Stored data:

************

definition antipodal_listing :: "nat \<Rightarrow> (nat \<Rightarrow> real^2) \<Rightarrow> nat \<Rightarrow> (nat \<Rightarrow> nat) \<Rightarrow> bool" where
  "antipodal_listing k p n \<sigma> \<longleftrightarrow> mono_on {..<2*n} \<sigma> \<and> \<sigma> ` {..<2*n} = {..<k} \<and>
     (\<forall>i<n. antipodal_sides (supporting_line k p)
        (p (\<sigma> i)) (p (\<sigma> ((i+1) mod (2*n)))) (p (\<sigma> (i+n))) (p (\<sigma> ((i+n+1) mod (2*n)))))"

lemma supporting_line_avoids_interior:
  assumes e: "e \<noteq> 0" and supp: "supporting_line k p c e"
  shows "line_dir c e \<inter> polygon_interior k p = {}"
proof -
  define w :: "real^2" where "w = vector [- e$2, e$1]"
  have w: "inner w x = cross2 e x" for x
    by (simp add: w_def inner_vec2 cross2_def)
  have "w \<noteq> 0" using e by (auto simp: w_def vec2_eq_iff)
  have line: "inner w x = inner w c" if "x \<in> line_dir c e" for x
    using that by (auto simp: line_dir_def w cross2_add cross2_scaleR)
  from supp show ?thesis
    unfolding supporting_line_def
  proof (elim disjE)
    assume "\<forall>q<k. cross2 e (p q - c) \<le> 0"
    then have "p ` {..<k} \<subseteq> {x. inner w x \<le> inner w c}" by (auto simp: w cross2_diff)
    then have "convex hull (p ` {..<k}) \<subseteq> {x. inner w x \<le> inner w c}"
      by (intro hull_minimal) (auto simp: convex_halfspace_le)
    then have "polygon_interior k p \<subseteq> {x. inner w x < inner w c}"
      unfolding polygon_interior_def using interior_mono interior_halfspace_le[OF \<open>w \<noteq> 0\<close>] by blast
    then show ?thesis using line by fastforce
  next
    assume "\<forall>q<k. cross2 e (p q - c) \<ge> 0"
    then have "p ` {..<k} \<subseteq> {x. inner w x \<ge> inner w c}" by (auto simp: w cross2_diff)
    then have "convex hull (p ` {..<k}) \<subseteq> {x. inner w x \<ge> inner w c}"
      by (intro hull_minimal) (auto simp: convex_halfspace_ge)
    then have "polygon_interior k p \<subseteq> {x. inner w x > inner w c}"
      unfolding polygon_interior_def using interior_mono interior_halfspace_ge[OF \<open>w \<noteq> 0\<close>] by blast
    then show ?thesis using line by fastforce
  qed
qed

************

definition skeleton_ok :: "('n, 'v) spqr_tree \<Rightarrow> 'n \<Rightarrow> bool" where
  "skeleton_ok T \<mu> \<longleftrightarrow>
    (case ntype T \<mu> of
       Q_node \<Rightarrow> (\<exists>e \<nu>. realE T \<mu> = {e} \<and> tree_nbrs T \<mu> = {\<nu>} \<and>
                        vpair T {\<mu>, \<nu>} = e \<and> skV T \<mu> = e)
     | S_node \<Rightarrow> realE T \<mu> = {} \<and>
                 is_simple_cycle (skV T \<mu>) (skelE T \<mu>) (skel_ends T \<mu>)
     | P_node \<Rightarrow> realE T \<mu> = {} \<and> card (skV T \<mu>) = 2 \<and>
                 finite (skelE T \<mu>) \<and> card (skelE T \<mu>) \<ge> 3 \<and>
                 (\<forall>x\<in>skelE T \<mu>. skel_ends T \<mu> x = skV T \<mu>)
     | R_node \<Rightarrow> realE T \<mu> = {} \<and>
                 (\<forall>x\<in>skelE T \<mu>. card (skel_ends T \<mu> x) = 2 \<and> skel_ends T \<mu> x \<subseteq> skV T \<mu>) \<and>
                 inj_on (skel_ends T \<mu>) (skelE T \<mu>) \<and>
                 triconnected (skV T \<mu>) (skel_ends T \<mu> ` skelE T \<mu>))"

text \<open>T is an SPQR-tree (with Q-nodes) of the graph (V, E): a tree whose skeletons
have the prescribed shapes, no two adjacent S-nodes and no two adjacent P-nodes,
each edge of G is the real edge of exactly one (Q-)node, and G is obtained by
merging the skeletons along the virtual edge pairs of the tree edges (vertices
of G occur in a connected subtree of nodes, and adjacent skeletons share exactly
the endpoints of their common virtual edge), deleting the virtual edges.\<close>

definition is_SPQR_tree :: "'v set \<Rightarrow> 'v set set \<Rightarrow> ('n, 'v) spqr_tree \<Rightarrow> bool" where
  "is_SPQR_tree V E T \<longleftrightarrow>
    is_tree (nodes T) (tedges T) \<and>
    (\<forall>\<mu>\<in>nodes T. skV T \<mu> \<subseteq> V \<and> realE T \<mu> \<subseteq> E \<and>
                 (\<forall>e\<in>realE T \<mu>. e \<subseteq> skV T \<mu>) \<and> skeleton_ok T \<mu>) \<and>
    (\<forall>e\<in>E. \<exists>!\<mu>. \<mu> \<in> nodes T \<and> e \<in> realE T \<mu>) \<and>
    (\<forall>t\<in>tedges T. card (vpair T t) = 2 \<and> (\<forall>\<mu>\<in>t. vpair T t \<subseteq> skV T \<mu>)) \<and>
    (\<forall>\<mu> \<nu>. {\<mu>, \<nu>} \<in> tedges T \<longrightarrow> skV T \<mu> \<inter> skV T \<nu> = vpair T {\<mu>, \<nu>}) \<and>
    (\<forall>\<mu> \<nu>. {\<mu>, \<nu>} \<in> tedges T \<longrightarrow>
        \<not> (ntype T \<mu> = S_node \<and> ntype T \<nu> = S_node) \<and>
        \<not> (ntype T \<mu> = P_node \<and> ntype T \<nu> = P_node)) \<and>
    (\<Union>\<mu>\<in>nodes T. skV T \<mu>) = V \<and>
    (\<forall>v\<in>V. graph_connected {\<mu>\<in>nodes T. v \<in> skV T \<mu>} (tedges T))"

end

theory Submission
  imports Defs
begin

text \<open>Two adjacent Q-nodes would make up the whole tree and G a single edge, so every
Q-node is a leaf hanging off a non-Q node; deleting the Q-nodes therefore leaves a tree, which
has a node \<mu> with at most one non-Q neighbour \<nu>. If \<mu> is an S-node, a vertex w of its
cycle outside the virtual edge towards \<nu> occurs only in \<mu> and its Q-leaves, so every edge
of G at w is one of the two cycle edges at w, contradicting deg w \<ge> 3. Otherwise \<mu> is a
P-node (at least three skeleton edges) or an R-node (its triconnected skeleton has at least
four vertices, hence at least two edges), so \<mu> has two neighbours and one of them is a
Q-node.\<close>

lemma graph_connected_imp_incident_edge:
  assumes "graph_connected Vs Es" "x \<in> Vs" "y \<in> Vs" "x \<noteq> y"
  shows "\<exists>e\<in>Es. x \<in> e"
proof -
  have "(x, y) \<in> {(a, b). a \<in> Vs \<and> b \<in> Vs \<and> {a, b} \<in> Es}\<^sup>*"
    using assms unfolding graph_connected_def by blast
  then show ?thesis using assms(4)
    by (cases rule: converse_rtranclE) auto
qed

************

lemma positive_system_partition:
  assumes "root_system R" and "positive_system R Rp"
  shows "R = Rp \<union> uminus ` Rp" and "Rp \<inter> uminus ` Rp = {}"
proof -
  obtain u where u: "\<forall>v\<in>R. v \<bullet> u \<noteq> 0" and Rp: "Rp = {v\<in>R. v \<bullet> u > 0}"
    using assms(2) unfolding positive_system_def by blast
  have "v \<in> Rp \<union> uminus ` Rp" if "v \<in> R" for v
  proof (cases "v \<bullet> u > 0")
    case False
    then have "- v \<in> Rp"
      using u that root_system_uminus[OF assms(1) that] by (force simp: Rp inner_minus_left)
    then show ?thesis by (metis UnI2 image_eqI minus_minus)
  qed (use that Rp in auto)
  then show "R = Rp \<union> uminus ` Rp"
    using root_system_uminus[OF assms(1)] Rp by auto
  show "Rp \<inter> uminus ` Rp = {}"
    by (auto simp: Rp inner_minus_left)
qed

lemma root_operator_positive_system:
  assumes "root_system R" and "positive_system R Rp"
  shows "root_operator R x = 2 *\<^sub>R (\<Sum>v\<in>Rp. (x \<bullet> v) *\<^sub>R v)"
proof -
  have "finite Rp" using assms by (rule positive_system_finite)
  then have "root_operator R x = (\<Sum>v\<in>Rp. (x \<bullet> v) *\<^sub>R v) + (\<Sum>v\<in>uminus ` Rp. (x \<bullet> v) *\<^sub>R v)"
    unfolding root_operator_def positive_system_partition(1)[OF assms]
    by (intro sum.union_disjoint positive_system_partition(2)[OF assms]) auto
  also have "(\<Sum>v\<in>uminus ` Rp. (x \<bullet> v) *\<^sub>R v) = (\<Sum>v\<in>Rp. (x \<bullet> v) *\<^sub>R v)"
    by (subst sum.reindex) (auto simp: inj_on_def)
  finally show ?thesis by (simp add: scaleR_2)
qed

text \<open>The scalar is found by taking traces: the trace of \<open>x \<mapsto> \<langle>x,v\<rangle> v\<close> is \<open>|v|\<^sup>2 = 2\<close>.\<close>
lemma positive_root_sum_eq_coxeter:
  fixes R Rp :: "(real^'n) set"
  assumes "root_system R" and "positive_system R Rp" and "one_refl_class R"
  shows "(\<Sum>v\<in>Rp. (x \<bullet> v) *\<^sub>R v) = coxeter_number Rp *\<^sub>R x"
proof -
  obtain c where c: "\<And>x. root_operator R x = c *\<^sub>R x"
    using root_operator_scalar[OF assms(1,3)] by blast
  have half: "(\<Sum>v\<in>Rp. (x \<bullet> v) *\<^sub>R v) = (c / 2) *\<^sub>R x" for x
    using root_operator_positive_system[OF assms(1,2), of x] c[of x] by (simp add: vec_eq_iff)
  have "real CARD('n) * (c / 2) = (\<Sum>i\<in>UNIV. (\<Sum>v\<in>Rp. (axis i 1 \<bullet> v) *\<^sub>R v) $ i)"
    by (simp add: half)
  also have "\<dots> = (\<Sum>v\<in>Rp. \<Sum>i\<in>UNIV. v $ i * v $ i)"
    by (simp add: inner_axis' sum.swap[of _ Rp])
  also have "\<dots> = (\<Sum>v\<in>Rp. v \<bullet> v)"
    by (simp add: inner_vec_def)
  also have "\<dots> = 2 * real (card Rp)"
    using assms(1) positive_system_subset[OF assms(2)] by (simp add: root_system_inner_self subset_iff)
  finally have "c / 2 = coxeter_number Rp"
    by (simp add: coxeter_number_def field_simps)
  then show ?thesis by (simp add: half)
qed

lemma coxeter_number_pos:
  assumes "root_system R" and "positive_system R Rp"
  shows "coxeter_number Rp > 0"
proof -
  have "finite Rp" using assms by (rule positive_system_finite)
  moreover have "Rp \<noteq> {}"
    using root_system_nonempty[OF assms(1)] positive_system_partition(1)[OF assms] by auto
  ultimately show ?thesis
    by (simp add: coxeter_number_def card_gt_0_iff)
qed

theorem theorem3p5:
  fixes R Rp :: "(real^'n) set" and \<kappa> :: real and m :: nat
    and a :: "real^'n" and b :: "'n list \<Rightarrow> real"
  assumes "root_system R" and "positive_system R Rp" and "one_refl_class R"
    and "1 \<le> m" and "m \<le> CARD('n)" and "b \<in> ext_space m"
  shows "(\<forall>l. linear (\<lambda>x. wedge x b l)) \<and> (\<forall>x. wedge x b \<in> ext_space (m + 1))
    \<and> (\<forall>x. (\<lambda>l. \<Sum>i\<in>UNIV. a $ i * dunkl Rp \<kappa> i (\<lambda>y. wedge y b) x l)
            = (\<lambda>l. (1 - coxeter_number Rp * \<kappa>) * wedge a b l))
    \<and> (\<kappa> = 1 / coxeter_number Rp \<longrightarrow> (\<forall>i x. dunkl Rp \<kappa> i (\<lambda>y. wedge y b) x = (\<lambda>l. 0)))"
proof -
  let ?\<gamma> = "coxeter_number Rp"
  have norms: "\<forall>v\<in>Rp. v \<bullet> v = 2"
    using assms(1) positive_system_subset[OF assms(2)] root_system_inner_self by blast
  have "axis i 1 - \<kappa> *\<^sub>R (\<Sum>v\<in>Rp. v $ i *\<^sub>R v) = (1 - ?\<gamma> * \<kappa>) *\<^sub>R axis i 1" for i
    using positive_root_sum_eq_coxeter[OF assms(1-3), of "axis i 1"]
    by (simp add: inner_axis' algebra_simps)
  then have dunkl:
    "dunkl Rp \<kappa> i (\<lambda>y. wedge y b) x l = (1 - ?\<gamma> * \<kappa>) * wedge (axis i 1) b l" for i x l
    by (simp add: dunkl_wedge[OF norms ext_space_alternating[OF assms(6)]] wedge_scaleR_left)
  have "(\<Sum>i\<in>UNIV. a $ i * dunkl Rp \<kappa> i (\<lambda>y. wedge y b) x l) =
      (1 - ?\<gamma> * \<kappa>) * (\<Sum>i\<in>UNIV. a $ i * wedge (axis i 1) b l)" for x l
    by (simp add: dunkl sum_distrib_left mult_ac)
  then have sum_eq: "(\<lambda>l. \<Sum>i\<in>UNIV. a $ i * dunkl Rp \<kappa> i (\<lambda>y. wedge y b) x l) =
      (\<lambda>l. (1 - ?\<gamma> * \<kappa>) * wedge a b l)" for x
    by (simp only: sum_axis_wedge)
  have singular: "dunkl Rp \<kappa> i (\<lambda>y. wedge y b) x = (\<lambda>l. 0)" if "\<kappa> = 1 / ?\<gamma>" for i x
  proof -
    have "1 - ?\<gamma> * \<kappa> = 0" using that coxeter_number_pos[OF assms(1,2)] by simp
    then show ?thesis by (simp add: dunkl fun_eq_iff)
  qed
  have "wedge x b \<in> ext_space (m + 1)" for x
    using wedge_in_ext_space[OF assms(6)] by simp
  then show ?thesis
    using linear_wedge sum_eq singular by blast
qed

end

************

When you reach the line containing "(\<forall>x\<in>skelE T \<mu>. card" in the data above, start copying exactly, and stop after the line containing "merging the skeletons".

                 (\<forall>x\<in>skelE T \<mu>. card (skel_ends T \<mu> x) = 2 \<and> skel_ends T \<mu> x \<subseteq> skV T \<mu>) \<and>
                 inj_on (skel_ends T \<mu>) (skelE T \<mu>) \<and>
                 triconnected (skV T \<mu>) (skel_ends T \<mu> ` skelE T \<mu>))"

text \<open>T is an SPQR-tree (with Q-nodes) of the graph (V, E): a tree whose skeletons
have the prescribed shapes, no two adjacent S-nodes and no two adjacent P-nodes,
each edge of G is the real edge of exactly one (Q-)node, and G is obtained by
merging the skeletons along the virtual edge pairs of the tree edges (vertices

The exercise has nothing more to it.